What lines below contain the string "part"? List them all.

Stored items
^^^^
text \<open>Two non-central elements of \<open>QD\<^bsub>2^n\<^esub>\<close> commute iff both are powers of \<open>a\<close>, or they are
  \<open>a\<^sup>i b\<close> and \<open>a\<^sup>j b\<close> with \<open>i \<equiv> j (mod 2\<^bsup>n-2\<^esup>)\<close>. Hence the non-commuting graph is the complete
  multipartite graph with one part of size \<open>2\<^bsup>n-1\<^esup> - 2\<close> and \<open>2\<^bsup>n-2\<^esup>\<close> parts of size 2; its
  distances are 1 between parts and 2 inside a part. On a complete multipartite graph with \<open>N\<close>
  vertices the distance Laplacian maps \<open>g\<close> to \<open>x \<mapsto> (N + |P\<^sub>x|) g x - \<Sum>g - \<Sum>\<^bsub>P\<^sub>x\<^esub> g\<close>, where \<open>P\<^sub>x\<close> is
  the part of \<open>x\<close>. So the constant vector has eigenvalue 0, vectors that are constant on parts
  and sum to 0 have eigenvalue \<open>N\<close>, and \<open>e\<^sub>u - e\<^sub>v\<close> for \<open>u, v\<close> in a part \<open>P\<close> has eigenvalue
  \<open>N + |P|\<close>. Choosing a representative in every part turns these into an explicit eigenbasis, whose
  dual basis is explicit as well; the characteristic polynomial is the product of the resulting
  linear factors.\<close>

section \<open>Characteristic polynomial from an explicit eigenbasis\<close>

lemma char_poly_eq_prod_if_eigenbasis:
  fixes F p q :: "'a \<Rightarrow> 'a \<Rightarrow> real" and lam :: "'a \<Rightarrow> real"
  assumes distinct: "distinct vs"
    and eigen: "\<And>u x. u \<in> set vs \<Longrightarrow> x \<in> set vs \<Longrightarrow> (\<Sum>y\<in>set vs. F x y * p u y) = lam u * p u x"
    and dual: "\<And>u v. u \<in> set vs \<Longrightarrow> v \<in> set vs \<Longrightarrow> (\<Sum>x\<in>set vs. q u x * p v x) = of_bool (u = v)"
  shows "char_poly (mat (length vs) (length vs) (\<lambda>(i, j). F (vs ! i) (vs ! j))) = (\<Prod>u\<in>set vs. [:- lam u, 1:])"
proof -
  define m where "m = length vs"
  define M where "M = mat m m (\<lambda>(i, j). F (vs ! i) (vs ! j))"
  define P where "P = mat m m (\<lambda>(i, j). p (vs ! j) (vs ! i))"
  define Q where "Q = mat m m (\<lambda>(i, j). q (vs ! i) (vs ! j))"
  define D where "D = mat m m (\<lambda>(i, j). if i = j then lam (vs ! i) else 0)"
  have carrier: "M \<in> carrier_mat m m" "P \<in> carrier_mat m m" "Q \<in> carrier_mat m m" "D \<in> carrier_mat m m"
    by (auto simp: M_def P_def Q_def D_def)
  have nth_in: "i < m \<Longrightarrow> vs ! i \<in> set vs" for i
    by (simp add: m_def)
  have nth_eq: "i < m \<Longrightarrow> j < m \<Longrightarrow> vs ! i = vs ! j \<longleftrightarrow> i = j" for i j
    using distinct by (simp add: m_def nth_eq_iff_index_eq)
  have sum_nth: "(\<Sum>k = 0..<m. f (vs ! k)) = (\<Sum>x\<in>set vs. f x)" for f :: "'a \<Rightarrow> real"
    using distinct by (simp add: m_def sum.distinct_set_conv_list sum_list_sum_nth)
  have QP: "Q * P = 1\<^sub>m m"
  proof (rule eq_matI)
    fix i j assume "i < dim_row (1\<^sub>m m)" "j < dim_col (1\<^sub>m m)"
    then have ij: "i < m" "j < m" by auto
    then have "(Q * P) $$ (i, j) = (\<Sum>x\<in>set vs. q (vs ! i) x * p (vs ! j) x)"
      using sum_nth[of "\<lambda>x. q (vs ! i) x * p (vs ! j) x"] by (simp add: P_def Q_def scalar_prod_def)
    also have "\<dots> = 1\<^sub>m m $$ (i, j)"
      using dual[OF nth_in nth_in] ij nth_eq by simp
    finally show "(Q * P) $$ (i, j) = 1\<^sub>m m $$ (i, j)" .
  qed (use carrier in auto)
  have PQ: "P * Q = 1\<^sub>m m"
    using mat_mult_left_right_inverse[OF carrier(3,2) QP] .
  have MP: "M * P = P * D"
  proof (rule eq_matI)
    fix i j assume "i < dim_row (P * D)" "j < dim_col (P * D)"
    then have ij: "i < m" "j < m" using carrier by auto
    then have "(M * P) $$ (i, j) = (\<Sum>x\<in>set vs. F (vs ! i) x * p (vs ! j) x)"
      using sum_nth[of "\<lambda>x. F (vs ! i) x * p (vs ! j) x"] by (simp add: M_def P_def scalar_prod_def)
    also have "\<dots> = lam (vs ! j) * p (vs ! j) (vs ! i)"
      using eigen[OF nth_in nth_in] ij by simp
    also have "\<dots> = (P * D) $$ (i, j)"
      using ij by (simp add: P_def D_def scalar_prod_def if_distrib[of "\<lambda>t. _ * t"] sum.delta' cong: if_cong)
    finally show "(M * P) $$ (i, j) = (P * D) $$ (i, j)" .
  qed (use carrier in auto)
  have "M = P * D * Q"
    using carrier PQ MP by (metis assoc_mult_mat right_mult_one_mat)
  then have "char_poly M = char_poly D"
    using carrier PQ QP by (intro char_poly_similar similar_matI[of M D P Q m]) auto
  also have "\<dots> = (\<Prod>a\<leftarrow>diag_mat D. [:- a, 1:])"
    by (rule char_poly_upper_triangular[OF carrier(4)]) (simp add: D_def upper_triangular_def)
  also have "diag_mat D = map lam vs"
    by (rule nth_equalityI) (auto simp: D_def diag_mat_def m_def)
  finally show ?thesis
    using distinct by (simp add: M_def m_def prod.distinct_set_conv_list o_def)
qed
^^^^
- Written solution:
  multipartite graph with one part of size \<open>2\<^bsup>n-1\<^esup> - 2\<close> and \<open>2\<^bsup>n-2\<^esup>\<close> parts of size 2; its
  distances are 1 between parts and 2 inside a part. On a complete multipartite graph with \<open>N\<close>
  the part of \<open>x\<close>. So the constant vector has eigenvalue 0, vectors that are constant on parts
  and sum to 0 have eigenvalue \<open>N\<close>, and \<open>e\<^sub>u - e\<^sub>v\<close> for \<open>u, v\<close> in a part \<open>P\<close> has eigenvalue
  \<open>N + |P|\<close>. Choosing a representative in every part turns these into an explicit eigenbasis, whose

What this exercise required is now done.